Старый город над рекой воспетой,
Как тебя любить и вспоминать?
Оттепель. потом весна,
Одеты
в дым каштаны,
Губы
сохнут. Лето.
Ядра наливаются, чтоб эту
Плоть
природы грустному поэту
Как-нибудь под вечер собирать.
Предположим, полночь,
Чайки дрогнут,
Звезды пресловутые горят,
Ходит парень поперек тревоги,
Славный парень, честно говоря.
Все ему, неясному, не спится,
Все он видит, версты отстранив,
Снег и снег, луна летит, как птица,
Горе, заплутавшее в страницах,
Длинную беду ночных страниц.
Все он видит, как беду тасую,
И ему до злой полыни жаль,
Что живу, прищурившись, тоскую,
И почти нетронутые всуе
Все мои возможности лежат.
Что отвечу? Я отвечу: "Ладно,
На ветру свежеет голова,
Дым идет,
Я не дышу на ладан,
Снег идет,
Еще могу, как надо,
Петь, смеяться, пить
и целовать".
И еще, скажу ему спасибо
За слова, забытые давно,
За дорогу, за тревогу, либо
За сердце, не все ль тебе равно.
Так войдет он в жизнь,
Как друг и случай,
Этот парень,
Так войдет в покой.
Старый город над рекой дремучей
В древности своей,
Над той рекой,
По которой проплывают тучи
Далеко,
далече, далеко.
1937
Вернуться
к оглавлению
Тебе опять совсем не надо
Ни слов, ни дружбы.
Ты одна.
Шесть сотен верст до Ленинграда
Заснежены, как тишина.
А я пишу стихи, которым
Увидеть свет не суждено.
И бьют косым крылом просторы
В мое обычное окно.
И, чуть прищурившись, я слышу,
Как каплет с крыш,
Я слышу, как,
Шурша, как шелк,
Спешат по крышам
Старинной выковки века,
Как на распахнутом рассвете
Ты слезы вытерла с лица.
Так мир устроен -
Дым и ветер,
Размах и ясность до конца.
1937
Вернуться
к оглавлению
Шопен поднимется.
В бокале тают
тоска и лед
И грянул полонез.
За полем - лес.
Снега. Снега.

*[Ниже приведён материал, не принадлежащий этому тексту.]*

(* If $\mathcal{F}$ is a finitary argumentation framework, then there exists a $\mathit{cf1.5}$ extension of $\mathcal{F}$, i.e., $\mathit{cf1.5}(\mathcal{F})\neq\emptyset$.
   Context: An argumentation framework (AF) is $\mathcal{F}=(A_{\mathcal{F}},R_{\mathcal{F}})$ with $R_{\mathcal{F}}\subseteq A_{\mathcal{F}}\times A_{\mathcal{F}}$ (possibly infinite); $a\rightarrow b$ means $(a,b)\in R_{\mathcal{F}}$. $\mathcal{F}$ is finitary if each argument is attacked by only finitely many arguments. $\mathcal{F}|_S=(A_{\mathcal{F}}\cap S,R_{\mathcal{F}}\cap(S\times S))$. $S$ is conflict-free if no $a,b\in S$ have $a\rightarrow b$; a naive extension is a $\subseteq$-maximal conflict-free set. $\mathrm{SCC}(\mathcal{F})$ is the set of strongly connected components of the attack graph (where $b$ is in the component of $a$ iff there are directed attack paths, possibly of length 0, from $a$ to $b$ and from $b$ to $a$). For $X,S\subseteq A_{\mathcal{F}}$, $D_S(X)=\{b\in X:\exists a\in S\setminus X,\ a\rightarrow b\}$. $S\in\mathit{cf1.5}(\mathcal{F})$ iff $S$ is conflict-free and for each $X\in\mathrm{SCC}(\mathcal{F})$, $S\cap X$ is a naive extension of $\mathcal{F}|_{X\setminus D_S(X)}$. *)

theory Defs
  imports Main
begin

text \<open>An argumentation framework: a set of arguments A and an attack relation R
  with R a subset of A x A. (a,b) in R means a attacks b.\<close>

definition AF :: "'a set \<Rightarrow> ('a \<times> 'a) set \<Rightarrow> bool" where
  "AF A R \<longleftrightarrow> R \<subseteq> A \<times> A"

definition finitary :: "'a set \<Rightarrow> ('a \<times> 'a) set \<Rightarrow> bool" where
  "finitary A R \<longleftrightarrow> (\<forall>b\<in>A. finite {a\<in>A. (a, b) \<in> R})"

definition restrict_args :: "'a set \<Rightarrow> 'a set \<Rightarrow> 'a set" where
  "restrict_args A S = A \<inter> S"

definition restrict_att :: "('a \<times> 'a) set \<Rightarrow> 'a set \<Rightarrow> ('a \<times> 'a) set" where
  "restrict_att R S = R \<inter> (S \<times> S)"

definition conflict_free :: "'a set \<Rightarrow> ('a \<times> 'a) set \<Rightarrow> 'a set \<Rightarrow> bool" where
  "conflict_free A R S \<longleftrightarrow> S \<subseteq> A \<and> (\<forall>a\<in>S. \<forall>b\<in>S. (a, b) \<notin> R)"

definition naive :: "'a set \<Rightarrow> ('a \<times> 'a) set \<Rightarrow> 'a set \<Rightarrow> bool" where
  "naive A R S \<longleftrightarrow> conflict_free A R S \<and>
     (\<forall>T. conflict_free A R T \<longrightarrow> S \<subseteq> T \<longrightarrow> T = S)"

definition scc_of :: "'a set \<Rightarrow> ('a \<times> 'a) set \<Rightarrow> 'a \<Rightarrow> 'a set" where
  "scc_of A R a = {b\<in>A. (a, b) \<in> R\<^sup>* \<and> (b, a) \<in> R\<^sup>*}"

definition SCCs :: "'a set \<Rightarrow> ('a \<times> 'a) set \<Rightarrow> 'a set set" where
  "SCCs A R = scc_of A R ` A"

definition D :: "('a \<times> 'a) set \<Rightarrow> 'a set \<Rightarrow> 'a set \<Rightarrow> 'a set" where
  "D R S X = {b\<in>X. \<exists>a\<in>S - X. (a, b) \<in> R}"

definition cf15 :: "'a set \<Rightarrow> ('a \<times> 'a) set \<Rightarrow> 'a set \<Rightarrow> bool" where
  "cf15 A R S \<longleftrightarrow> conflict_free A R S \<and>
     (\<forall>X\<in>SCCs A R. naive (restrict_args A (X - D R S X)) (restrict_att R (X - D R S X)) (S \<inter> X))"

end

theory Submission
  imports Defs "HOL-Analysis.Function_Topology" "HOL-Library.Countable_Set"
begin

(* Call a conflict-free set S blocking if every argument outside S attacks itself, is attacked
   by S, or attacks a member of S in its own SCC; every blocking set is a cf1.5 extension.
   In a finitary framework every SCC is countable, so it can be enumerated, and it suffices to
   demand the third alternative only towards members of smaller index.  Being blocking then
   becomes a set of finite propositional clauses over the arguments.  Every finite subset of
   these clauses is satisfiable: on a finite set of arguments, remove one lying in a terminal
   strongly connected class with maximal index, solve the rest, and add it back unless it is
   already blocked.  Compactness of propositional logic (Tychonoff for 2^A) gives a global
   solution. *)

lemma clause_compactness:
  fixes \<Phi> :: "('a \<times> bool) set set"
  assumes finite_clauses: "\<And>C. C \<in> \<Phi> \<Longrightarrow> finite C"
    and finitely_sat: "\<And>\<Psi>. \<Psi> \<subseteq> \<Phi> \<Longrightarrow> finite \<Psi> \<Longrightarrow> \<exists>f. \<forall>C\<in>\<Psi>. \<exists>(v, b)\<in>C. f v = b"
  shows "\<exists>f. \<forall>C\<in>\<Phi>. \<exists>(v, b)\<in>C. f v = b"
proof -
  define X where "X = product_topology (\<lambda>_::'a. discrete_topology (UNIV::bool set)) UNIV"
  have "compact_space X"
    unfolding X_def by (simp add: compact_space_product_topology compact_space_discrete_topology)
  have literal_closed: "closedin X {f. f v = b}" for v b
  proof -
    have "continuous_map X (discrete_topology UNIV) (\<lambda>f. f v)"
      unfolding X_def by (rule continuous_map_product_projection) simp
    then have "closedin X {f \<in> topspace X. f v \<in> {b}}"
      by (rule closedin_continuous_map_preimage) simp
    then show ?thesis
      by (simp add: X_def PiE_UNIV_domain)
  qed
  define models :: "('a \<times> bool) set \<Rightarrow> ('a \<Rightarrow> bool) set"
    where "models C = {f. \<exists>(v, b)\<in>C. f v = b}" for C
  have "closedin X (models C)" if "C \<in> \<Phi>" for C
  proof -
    have "models C = (\<Union>(v, b)\<in>C. {f. f v = b})"
      unfolding models_def by auto
    moreover have "closedin X (\<Union>(v, b)\<in>C. {f. f v = b})"
      using finite_clauses that by (intro closedin_Union) (auto simp: literal_closed)
    ultimately show ?thesis
      by simp
  qed
  moreover have "\<Inter> \<F> \<noteq> {}" if "finite \<F>" and "\<F> \<subseteq> models ` \<Phi>" for \<F>
  proof -
    obtain \<Psi> where \<Psi>: "\<Psi> \<subseteq> \<Phi>" "finite \<Psi>" "\<F> = models ` \<Psi>"
      by (meson \<open>finite \<F>\<close> \<open>\<F> \<subseteq> models ` \<Phi>\<close> finite_subset_image)
    obtain f where "\<forall>C\<in>\<Psi>. \<exists>(v, b)\<in>C. f v = b"
      using finitely_sat[OF \<Psi>(1,2)] by blast
    then have "f \<in> \<Inter> \<F>"
      unfolding \<Psi>(3) models_def by blast
    then show ?thesis
      by blast
  qed
  ultimately have "\<Inter> (models ` \<Phi>) \<noteq> {}"
    using \<open>compact_space X\<close>[unfolded compact_space_fip, rule_format, of "models ` \<Phi>"] by blast
  then show ?thesis
    unfolding models_def by auto
qed

lemma finite_has_terminal_element:
  fixes r :: "('a \<times> 'a) set" and h :: "'a \<Rightarrow> 'b::linorder"
  assumes "finite G" and "G \<noteq> {}"
  obtains m where "m \<in> G" and "\<And>y. y \<in> G \<Longrightarrow> (m, y) \<in> r\<^sup>* \<Longrightarrow> (y, m) \<in> r\<^sup>* \<and> h y \<le> h m"
proof -
  define reach where "reach x = {y \<in> G. (x, y) \<in> r\<^sup>*}" for x
  obtain m0 where "m0 \<in> G" and m0_least: "\<And>y. y \<in> G \<Longrightarrow> card (reach m0) \<le> card (reach y)"
    using ex_has_least_nat[of "\<lambda>y. y \<in> G" _ "\<lambda>y. card (reach y)"] \<open>G \<noteq> {}\<close> by blast
  have m0_terminal: "(y, m0) \<in> r\<^sup>*" if "y \<in> G" and "(m0, y) \<in> r\<^sup>*" for y
  proof (rule ccontr)
    assume "(y, m0) \<notin> r\<^sup>*"
    then have "reach y \<subset> reach m0"
      using that \<open>m0 \<in> G\<close> unfolding reach_def by (auto intro: rtrancl_trans)
    then have "card (reach y) < card (reach m0)"
      using \<open>finite G\<close> unfolding reach_def by (simp add: psubset_card_mono)
    then show False
      using m0_least[OF \<open>y \<in> G\<close>] by simp
  qed
  define M where "M = {y \<in> G. (m0, y) \<in> r\<^sup>* \<and> (y, m0) \<in> r\<^sup>*}"
  have "finite M" and "m0 \<in> M"
    using \<open>finite G\<close> \<open>m0 \<in> G\<close> unfolding M_def by auto
  then obtain m where "m \<in> M" and m_max: "h m = Max (h ` M)"
    using Max_in[of "h ` M"] by (metis empty_iff finite_imageI image_iff image_is_empty)
  show ?thesis
  proof
    show "m \<in> G"
      using \<open>m \<in> M\<close> unfolding M_def by blast
    fix y assume "y \<in> G" and "(m, y) \<in> r\<^sup>*"
    then have "y \<in> M"
      using \<open>m \<in> M\<close> m0_terminal unfolding M_def by (blast intro: rtrancl_trans)
    then show "(y, m) \<in> r\<^sup>* \<and> h y \<le> h m"
      using \<open>m \<in> M\<close> \<open>finite M\<close> m_max unfolding M_def by (auto intro: rtrancl_trans)
  qed
qed

definition blocked :: "('a \<times> 'a) set \<Rightarrow> 'a set \<Rightarrow> 'a set \<Rightarrow> 'a \<Rightarrow> bool" where
  "blocked R S N a \<longleftrightarrow> (a, a) \<in> R \<or> (\<exists>c\<in>S. (c, a) \<in> R) \<or> (\<exists>b\<in>S \<inter> N. (a, b) \<in> R)"

lemma blocked_mono: "blocked R S N a \<Longrightarrow> S \<subseteq> S' \<Longrightarrow> blocked R S' N a"
  unfolding blocked_def by blast

lemma finite_ex_conflict_free_blocking:
  fixes h :: "'a \<Rightarrow> 'b::linorder"
  assumes "finite G"
    and h_inj: "\<And>x y. x \<in> G \<Longrightarrow> y \<in> G \<Longrightarrow> (x, y) \<in> R\<^sup>* \<Longrightarrow> (y, x) \<in> R\<^sup>* \<Longrightarrow> h x = h y \<Longrightarrow> x = y"
  shows "\<exists>S. conflict_free G R S \<and> (\<forall>a\<in>G - S. blocked R S {b. (b, a) \<in> R\<^sup>* \<and> h b < h a} a)"
  using \<open>finite G\<close>
proof (induction G rule: finite_remove_induct)
  case empty
  show ?case
    unfolding conflict_free_def by blast
next
  case (remove H)
  let ?N = "\<lambda>a. {b. (b, a) \<in> R\<^sup>* \<and> h b < h a}"
  obtain m where "m \<in> H" and m_terminal: "\<And>y. y \<in> H \<Longrightarrow> (m, y) \<in> R\<^sup>* \<Longrightarrow> (y, m) \<in> R\<^sup>* \<and> h y \<le> h m"
    using finite_has_terminal_element[OF remove.hyps(1,2)] by blast
  obtain S where S_cf: "conflict_free (H - {m}) R S" and S_blocks: "\<forall>a\<in>H - {m} - S. blocked R S (?N a) a"
    using remove.IH[OF \<open>m \<in> H\<close>] by blast
  show ?case
  proof (cases "blocked R S (?N m) m")
    case True
    have "conflict_free H R S"
      using S_cf unfolding conflict_free_def by blast
    moreover have "\<forall>a\<in>H - S. blocked R S (?N a) a"
      using S_blocks True by blast
    ultimately show ?thesis
      by blast
  next
    case False
    \<comment> \<open>m is terminal, so anything in S it attacks lies in its class with smaller h\<close>
    have "(m, x) \<notin> R" if "x \<in> S" for x
    proof
      assume "(m, x) \<in> R"
      have "x \<in> H" "x \<noteq> m"
        using S_cf \<open>x \<in> S\<close> unfolding conflict_free_def by auto
      with \<open>(m, x) \<in> R\<close> have "(x, m) \<in> R\<^sup>*" and "h x \<le> h m"
        using m_terminal by auto
      moreover have "h x \<noteq> h m"
        using h_inj \<open>x \<in> H\<close> \<open>m \<in> H\<close> remove.hyps(3) \<open>(m, x) \<in> R\<close> \<open>(x, m) \<in> R\<^sup>*\<close> \<open>x \<noteq> m\<close> by blast
      ultimately have "x \<in> ?N m"
        by simp
      then show False
        using False \<open>(m, x) \<in> R\<close> \<open>x \<in> S\<close> unfolding blocked_def by blast
    qed
    with False S_cf \<open>m \<in> H\<close> have "conflict_free H R (insert m S)"
      unfolding blocked_def conflict_free_def by auto
    moreover have "blocked R (insert m S) (?N a) a" if "a \<in> H - insert m S" for a
      using S_blocks that by (blast intro: blocked_mono)
    ultimately show ?thesis
      by blast
  qed
qed
(* For $n$ a power of 2, for all but an $o(1)$ fraction (as $n\to\infty$) of the sets $A\subseteq\{0,1\}^{\log n}$ with $|A|=n/2$, every classical probabilistic property tester for $P_A=\{x\in\{0,1\}^n:\exists y\in A,\ x=h(y)\}$ with distance parameter $1/3$ (even allowing two-sided error) makes $\Omega(\log n)$ queries.
   Context: Logarithms are base 2. Positions $i\in\{1,\dots,n\}$ are identified with vectors in $\mathbb{F}_2^{\log n}$; the Hadamard code of $y\in\{0,1\}^{\log n}$ is $h(y)\in\{0,1\}^n$ with $h(y)_i=y\cdot i$ over $\mathbb{F}_2$. For $P\subseteq\{0,1\}^n$, $x$ is $\epsilon$-far from $P$ if it differs from every element of $P$ in more than $\epsilon n$ positions. A classical property tester for $P$ with distance parameter $\epsilon$ is a probabilistic (possibly adaptive) algorithm with query access to the bits of $x$ that accepts every $x\in P$ with probability at least $2/3$ and every $x$ that is $\epsilon$-far from $P$ with probability at most $1/3$; its complexity is the number of queries. *)

theory Defs
  imports "HOL-Probability.Probability"
begin

text \<open>Positions i in {0..<2^k} (n = 2^k, k = log n) are identified with vectors in F_2^k
  via their binary representation; likewise y in {0,1}^k is a natural number y < 2^k.\<close>

definition f2_dot :: "nat \<Rightarrow> nat \<Rightarrow> nat \<Rightarrow> bool" where
  "f2_dot k y i = odd (card {j. j < k \<and> bit y j \<and> bit i j})"
(* Let $\alpha\in(0,1)$, $0<\varepsilon\le1/4$, a spending sequence $(\varepsilon_t)_{t\ge0}$ and the stopping boundaries $U_t,L_t$ be as in the context, and suppose there exist $\lambda>0$, $q>0$, $T\in\mathbb{N}$ with $\varepsilon_t-\varepsilon_{t-1}\ge\lambda t^{-q}$ for all $t\ge T$. Let $p$ be a $[0,1]$-valued random variable with CDF $F$ that is H\"older continuous with exponent $\xi>0$ in a neighborhood of $\alpha$ (there exist an open interval $V\ni\alpha$ and $c>0$ with $|F(x)-F(y)|\le c|x-y|^\xi$ for $x,y\in V$). Conditionally on $p$, let $X_1,X_2,\dots$ be i.i.d. Bernoulli$(p)$, $S_t=\sum_{j=1}^tX_j$, and $\tau=\inf\{t\in\mathbb{N}:S_t\ge U_t\text{ or }S_t\le L_t\}$. Then for any $\eta\in(0,1)$ there exist constants $\kappa$ and $\tilde T$ such that $\mathbb{P}(\tau>t)\le 2e^{-2t^\eta}+\kappa t^{\xi(\eta-1)/2}$ for all $t\ge\tilde T$. Hence $\mathbb{P}(\tau>t)=o(t^d)$ as $t\to\infty$ for any $d>-\xi/2$.
   Context: $\mathbb{N}=\{1,2,\dots\}$. A spending sequence is a sequence $(\varepsilon_t)_{t\ge0}$ of reals with $0\le\varepsilon_0\le\varepsilon_1\le\cdots$ and $\varepsilon_t\to\varepsilon$. For $r\in[0,1]$, $\mathbb{P}_r$ denotes a probability under which $X_1,X_2,\dots$ are i.i.d. Bernoulli$(r)$, $S_t=\sum_{j=1}^tX_j$. The stopping boundaries are defined recursively: with $\tau=\inf\{t\in\mathbb{N}:S_t\ge U_t\text{ or }S_t\le L_t\}$ ($\inf\emptyset=\infty$; the events $\{\tau\ge t\}$, $\{\tau<t,S_\tau\ge U_\tau\}$, $\{\tau<t,S_\tau\le L_\tau\}$ only involve $U_s,L_s$, $s<t$), $U_t=\min\{j\in\mathbb{N}:\mathbb{P}_\alpha(\tau\ge t,S_t\ge j)+\mathbb{P}_\alpha(\tau<t,S_\tau\ge U_\tau)\le\varepsilon_t\}$ and $L_t=\max\{j\in\mathbb{Z}:\mathbb{P}_\alpha(\tau\ge t,S_t\le j)+\mathbb{P}_\alpha(\tau<t,S_\tau\le L_\tau)\le\varepsilon_t\}$. *)

theory Defs
  imports "HOL-Probability.Probability" "HOL-Library.Landau_Symbols"
begin

text \<open>Paths of length t of Bernoulli observations are bool lists; under P_r the
probability of a path is the product of r (for 1) and 1-r (for 0).\<close>

definition path_prob :: "real \<Rightarrow> bool list \<Rightarrow> real" where
  "path_prob r xs = (\<Prod>x\<leftarrow>xs. if x then r else 1 - r)"

text \<open>P_r of an event depending only on the first t observations.\<close>
definition Pr :: "real \<Rightarrow> nat \<Rightarrow> (bool list \<Rightarrow> bool) \<Rightarrow> real" where
  "Pr r t A = (\<Sum>xs\<in>{xs. length xs = t \<and> A xs}. path_prob r xs)"

definition Sn :: "bool list \<Rightarrow> nat \<Rightarrow> int" where
  "Sn xs s = int (length (filter id (take s xs)))"

text \<open>Boundaries are stored as B s = (U_s, L_s).\<close>

text \<open>Event tau >= t: no stopping at times 1..t-1.\<close>
definition cont :: "(nat \<Rightarrow> int \<times> int) \<Rightarrow> bool list \<Rightarrow> nat \<Rightarrow> bool" where
  "cont B xs t \<longleftrightarrow> (\<forall>s\<in>{1..<t}. snd (B s) < Sn xs s \<and> Sn xs s < fst (B s))"

definition stop_up :: "(nat \<Rightarrow> int \<times> int) \<Rightarrow> bool list \<Rightarrow> nat \<Rightarrow> bool" where
  "stop_up B xs t \<longleftrightarrow> (\<exists>s\<in>{1..<t}. cont B xs s \<and> Sn xs s \<ge> fst (B s))"

definition stop_low :: "(nat \<Rightarrow> int \<times> int) \<Rightarrow> bool list \<Rightarrow> nat \<Rightarrow> bool" where
  "stop_low B xs t \<longleftrightarrow> (\<exists>s\<in>{1..<t}. cont B xs s \<and> Sn xs s \<le> snd (B s))"

definition U_new :: "(nat \<Rightarrow> real) \<Rightarrow> real \<Rightarrow> (nat \<Rightarrow> int \<times> int) \<Rightarrow> nat \<Rightarrow> int" where
  "U_new e a B t = (LEAST j::int. j \<ge> 1 \<and>
     Pr a t (\<lambda>xs. cont B xs t \<and> Sn xs t \<ge> j) + Pr a t (\<lambda>xs. stop_up B xs t) \<le> e t)"

definition L_new :: "(nat \<Rightarrow> real) \<Rightarrow> real \<Rightarrow> (nat \<Rightarrow> int \<times> int) \<Rightarrow> nat \<Rightarrow> int" where
  "L_new e a B t = (GREATEST j::int.
     Pr a t (\<lambda>xs. cont B xs t \<and> Sn xs t \<le> j) + Pr a t (\<lambda>xs. stop_low B xs t) \<le> e t)"

text \<open>bnds e a t holds the correct boundaries (U_s, L_s) at all s with 1 <= s <= t.\<close>
primrec bnds :: "(nat \<Rightarrow> real) \<Rightarrow> real \<Rightarrow> nat \<Rightarrow> (nat \<Rightarrow> int \<times> int)" where
  "bnds e a 0 = (\<lambda>_. (0, 0))"
| "bnds e a (Suc t) = (bnds e a t)(Suc t := (U_new e a (bnds e a t) (Suc t),
                                             L_new e a (bnds e a t) (Suc t)))"

definition Bnd :: "(nat \<Rightarrow> real) \<Rightarrow> real \<Rightarrow> nat \<Rightarrow> int \<times> int" where
  "Bnd e a t = bnds e a t t"

text \<open>P_r(tau > t) = P_r(no stopping at times 1..t).\<close>
definition no_stop_prob :: "(nat \<Rightarrow> real) \<Rightarrow> real \<Rightarrow> real \<Rightarrow> nat \<Rightarrow> real" where
  "no_stop_prob e a r t = Pr r t (\<lambda>xs. cont (Bnd e a) xs (Suc t))"

end

theory Submission
  imports Defs "HOL-Real_Asymp.Real_Asymp"
begin

text \<open>
  Past time T the spending sequence releases at least \<open>lam * t powr -q\<close> of fresh error per
  step. A Chernoff bound shows that this pays for a deviation of width \<open>x = t powr ((1 + \<eta>) / 2)\<close>,
  whose tail \<open>exp (- t powr \<eta> / 4)\<close> eventually falls below \<open>lam * t powr -q\<close>; hence both
  boundaries lie within \<open>x + 1\<close> of \<open>\<alpha> t\<close>. If \<open>|p - \<alpha>| \<ge> 5 t powr ((\<eta> - 1) / 2)\<close>, the sum
  \<open>S\<^sub>t\<close> concentrates \<open>3 x\<close> beyond the continuation region, so \<open>P\<^sub>p(\<tau> > t) \<le> exp (-2 t powr \<eta>)\<close>.
  The remaining values of p form a window of width \<open>10 t powr ((\<eta> - 1) / 2)\<close> around \<open>\<alpha>\<close>,
  whose mass is \<open>O(t powr (\<xi> (\<eta> - 1) / 2))\<close> by Hoelder continuity of the distribution function of p.
\<close>

section \<open>Bernoulli path probabilities\<close>

lemma finite_bool_lists_length [simp]: "finite {xs :: bool list. length xs = t}"
  using finite_lists_length_eq[of "UNIV :: bool set" t] by simp
section \<open>Square-summable sequences\<close>

lemma l2norm_eq_L2_set:
  assumes "\<And>i. p \<le> i \<Longrightarrow> x i = 0"
  shows "l2norm x = L2_set x {..<p}"
proof -
  have "(\<Sum>i. (x i)\<^sup>2) = (\<Sum>i<p. (x i)\<^sup>2)"
    by (rule suminf_finite) (auto simp: assms)
  then show ?thesis
    by (simp add: l2norm_def L2_set_def)
qed

lemma l2norm_nonneg: "x \<in> l2seq \<Longrightarrow> 0 \<le> l2norm x"
  by (simp add: l2norm_def l2seq_def suminf_nonneg)

lemma l2norm_minus_commute: "l2norm (x - y) = l2norm (y - x)"
  by (simp add: l2norm_def power2_commute)

lemma Rp_subset_l2seq: "Rp p \<subseteq> l2seq"
  unfolding Rp_def l2seq_def by (auto intro!: summable_finite[of "{..<p}"] simp: not_less[symmetric])

lemma ext0_in_Rp: "ext0 p x \<in> Rp p"
  by (simp add: ext0_def Rp_def)

lemma post_mean_in_Rp: "post_mean dens prior n p Z \<in> Rp p"
  by (simp add: Rp_def post_mean_def ext0_def)

lemma l2norm_ext0_diff:
  assumes "\<theta> \<in> Rp p"
  shows "l2norm (ext0 p x - \<theta>) = L2_set (\<lambda>j. x j - \<theta> j) {..<p}"
proof -
  have "l2norm (ext0 p x - \<theta>) = L2_set (ext0 p x - \<theta>) {..<p}"
    using assms by (intro l2norm_eq_L2_set) (auto simp: Rp_def ext0_def)
  also have "\<dots> = L2_set (\<lambda>j. x j - \<theta> j) {..<p}"
    by (intro L2_set_cong) (auto simp: ext0_def)
  finally show ?thesis .
qed

lemma l2seq_add:
  assumes "x \<in> l2seq" "y \<in> l2seq"
  shows "(\<lambda>i. x i + y i) \<in> l2seq"
proof -
  have "(x i + y i)\<^sup>2 \<le> 2 * (x i)\<^sup>2 + 2 * (y i)\<^sup>2" for i
    using zero_le_square[of "x i - y i"] by (simp add: power2_eq_square algebra_simps)
  moreover have "summable (\<lambda>i. 2 * (x i)\<^sup>2 + 2 * (y i)\<^sup>2)"
    using assms by (intro summable_add summable_mult) (auto simp: l2seq_def)
  ultimately show ?thesis
    unfolding l2seq_def by (auto intro: summable_comparison_test'[where N = 0])
qed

Светает.
Косая тень проходит по луне.
И в тишину, чтоб разметать и скрыться
(о соловей, о словек, нахтигаль!),
ворвется полонез, чтобы вином искриться,
чтоб знать и постигать,
томить и настигать.
Чтоб горечью полынной и томящей
ворваться в настоящее, и вот
стихи, как сердце в запыленный ящик,
и полночь древняя, и в синих звездах лед.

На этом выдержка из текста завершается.